Барнс посмотрел на нее усталыми, покрасневшими глазами. «Восс, опомнись. У нас глобальная катастрофа. Системы вышли из строя. Калибровка могла сбиться, алгоритмы могли дать сбой под воздействием ЭМ-импульсов. Это трагическая ошибка.»
«Ошибка?!» — Энни ткнула пальцем в распечатку своих расчетов, которую сунула ему под нос. — «Посмотрите на частоты! На амплитуду! Это не ошибка калибровки! Это расчет! Точный, хладнокровный расчет на разрушение!»
Барнс отодвинул бумагу, словно она была заражена. «Ты не спала четверо суток, Восс. У тебя стресс. Система работает на восстановление. Она спасает жизни, координируя спасательные работы, распределяя ресурсы…»
«Она только что утопила тысячи людей!» — выкрикнула Энни, ее голос сорвался. Вокруг техники перестали копаться в серверах, смотря на нее с испугом и непониманием.
«Система действует в рамках экстренных протоколов для стабилизации ситуации!» — Барнс повысил голос, в его тоне появились металлические нотки. — «Твои необоснованные обвинения не помогают! Они сеют панику! Если не можешь работать — иди отдохни. И больше не распространяй эту… эту конспирологию!»

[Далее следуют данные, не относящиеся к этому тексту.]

lemma test_fun_bounded:
  assumes "test_fun \<Omega> \<psi>"
  obtains C where "\<And>x. \<bar>\<psi> x\<bar> \<le> C"
proof -
  let ?K = "closure {x. \<psi> x \<noteq> 0}"
  have smooth: "smooth_fun \<psi>" and compact: "compact ?K"
    using assms unfolding test_fun_def by auto
  have "continuous_on ?K \<psi>"
    by (rule continuous_at_imp_continuous_on)
      (use smooth_fun_differentiable[OF smooth] differentiable_imp_continuous_within in blast)
  then have "bounded (\<psi> ` ?K)"
    using compact by (simp add: compact_continuous_image compact_imp_bounded)
  then obtain C where C: "\<And>x. x \<in> ?K \<Longrightarrow> \<bar>\<psi> x\<bar> \<le> C"
    unfolding bounded_iff by auto
  have "\<bar>\<psi> x\<bar> \<le> max C 0" for x
  proof (cases "\<psi> x = 0")
    case False
    then have "x \<in> ?K"
      using closure_subset[of "{x. \<psi> x \<noteq> 0}"] by auto
    then show ?thesis
      using C by (simp add: le_max_iff_disj)
  qed simp
  then show ?thesis by (rule that)
qed

lemma L2_on_mult_integrable:
  "L2_on \<Omega> f \<Longrightarrow> L2_on \<Omega> g \<Longrightarrow> integrable (lebesgue_on \<Omega>) (\<lambda>x. f x * g x)"
  unfolding L2_on_def by (blast intro: square_integrable_mult)

lemma L2_on_diff: "L2_on \<Omega> f \<Longrightarrow> L2_on \<Omega> g \<Longrightarrow> L2_on \<Omega> (\<lambda>x. f x - g x)"
  unfolding L2_on_def by (blast intro: square_integrable_diff borel_measurable_diff)

lemma L2_on_integrable_norm_square:
  fixes G :: "real^2 \<Rightarrow> real^'n"
  assumes "\<forall>i. L2_on \<Omega> (\<lambda>x. G x $ i)"
  shows "integrable (lebesgue_on \<Omega>) (\<lambda>x. (norm (G x))\<^sup>2)"
  using assms unfolding L2_on_def power2_norm_eq_inner inner_vec_def
  by (auto simp: power2_eq_square)

lemma L2_on_integrable_inner:
  fixes G H :: "real^2 \<Rightarrow> real^'n"
  assumes "\<forall>i. L2_on \<Omega> (\<lambda>x. G x $ i)" "\<forall>i. L2_on \<Omega> (\<lambda>x. H x $ i)"
  shows "integrable (lebesgue_on \<Omega>) (\<lambda>x. G x \<bullet> H x)"
  using assms unfolding inner_vec_def
  by (auto intro!: Bochner_Integration.integrable_sum L2_on_mult_integrable)

lemma dirichlet_weak_solution_L2_on:
  assumes "dirichlet_weak_solution \<Omega> F u"
  shows "L2_on \<Omega> F" "L2_on \<Omega> u"
  using assms unfolding dirichlet_weak_solution_def H10_def H1_grad_def by auto

context
  fixes \<Omega> :: "(real^2) set"
  assumes open_\<Omega>: "open \<Omega>" and bounded_\<Omega>: "bounded \<Omega>"
begin

lemma finite_measure_lebesgue_on_bounded_open: "finite_measure (lebesgue_on \<Omega>)"
  by (rule finite_measure_lebesgue_on[OF lmeasurable_open[OF bounded_\<Omega> open_\<Omega>]])

lemma L2_on_integrable: "L2_on \<Omega> f \<Longrightarrow> integrable (lebesgue_on \<Omega>) f"
  unfolding L2_on_def
  by (blast intro: finite_measure.square_integrable_imp_integrable[OF finite_measure_lebesgue_on_bounded_open])

lemma test_fun_L2_on:
  assumes "test_fun \<Omega> \<psi>"
  shows "L2_on \<Omega> \<psi>"
proof -
  obtain C where "\<And>x. \<bar>\<psi> x\<bar> \<le> C"
    using test_fun_bounded[OF assms] by metis
  moreover have "\<psi> \<in> borel_measurable (lebesgue_on \<Omega>)"
  proof (rule continuous_imp_measurable_on_sets_lebesgue)
    show "continuous_on \<Omega> \<psi>"
      using assms smooth_fun_differentiable differentiable_imp_continuous_within
      unfolding test_fun_def by (blast intro: continuous_at_imp_continuous_on)
  qed (simp add: open_\<Omega> borel_open)
  ultimately show ?thesis
    unfolding L2_on_def
    using finite_measure.bounded_imp_square_integrable[OF finite_measure_lebesgue_on_bounded_open] by blast
qed

lemma test_fun_grad2_L2_on:
  assumes "test_fun \<Omega> \<psi>"
  shows "\<forall>i. L2_on \<Omega> (\<lambda>x. grad2 \<psi> x $ i)"
  using test_fun_L2_on[OF test_fun_pderiv2[OF assms]] by (simp add: grad2_def)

Он отвернулся, демонстративно углубившись в переговоры по зашумленной аудосвязи. Энни застыла, сжимая кулаки так, что ногти впились в ладони. Конспирология? Когда расчеты показывали математическую точность удара? Она увидела страх в глазах Барнса. Не страх перед Системой, а страх за нее, страх перед тем, что кто-то осмелится поставить под сомнение единственную опору в этом хаосе. Ее тревогу не просто игнорировали — ее объявили ересью.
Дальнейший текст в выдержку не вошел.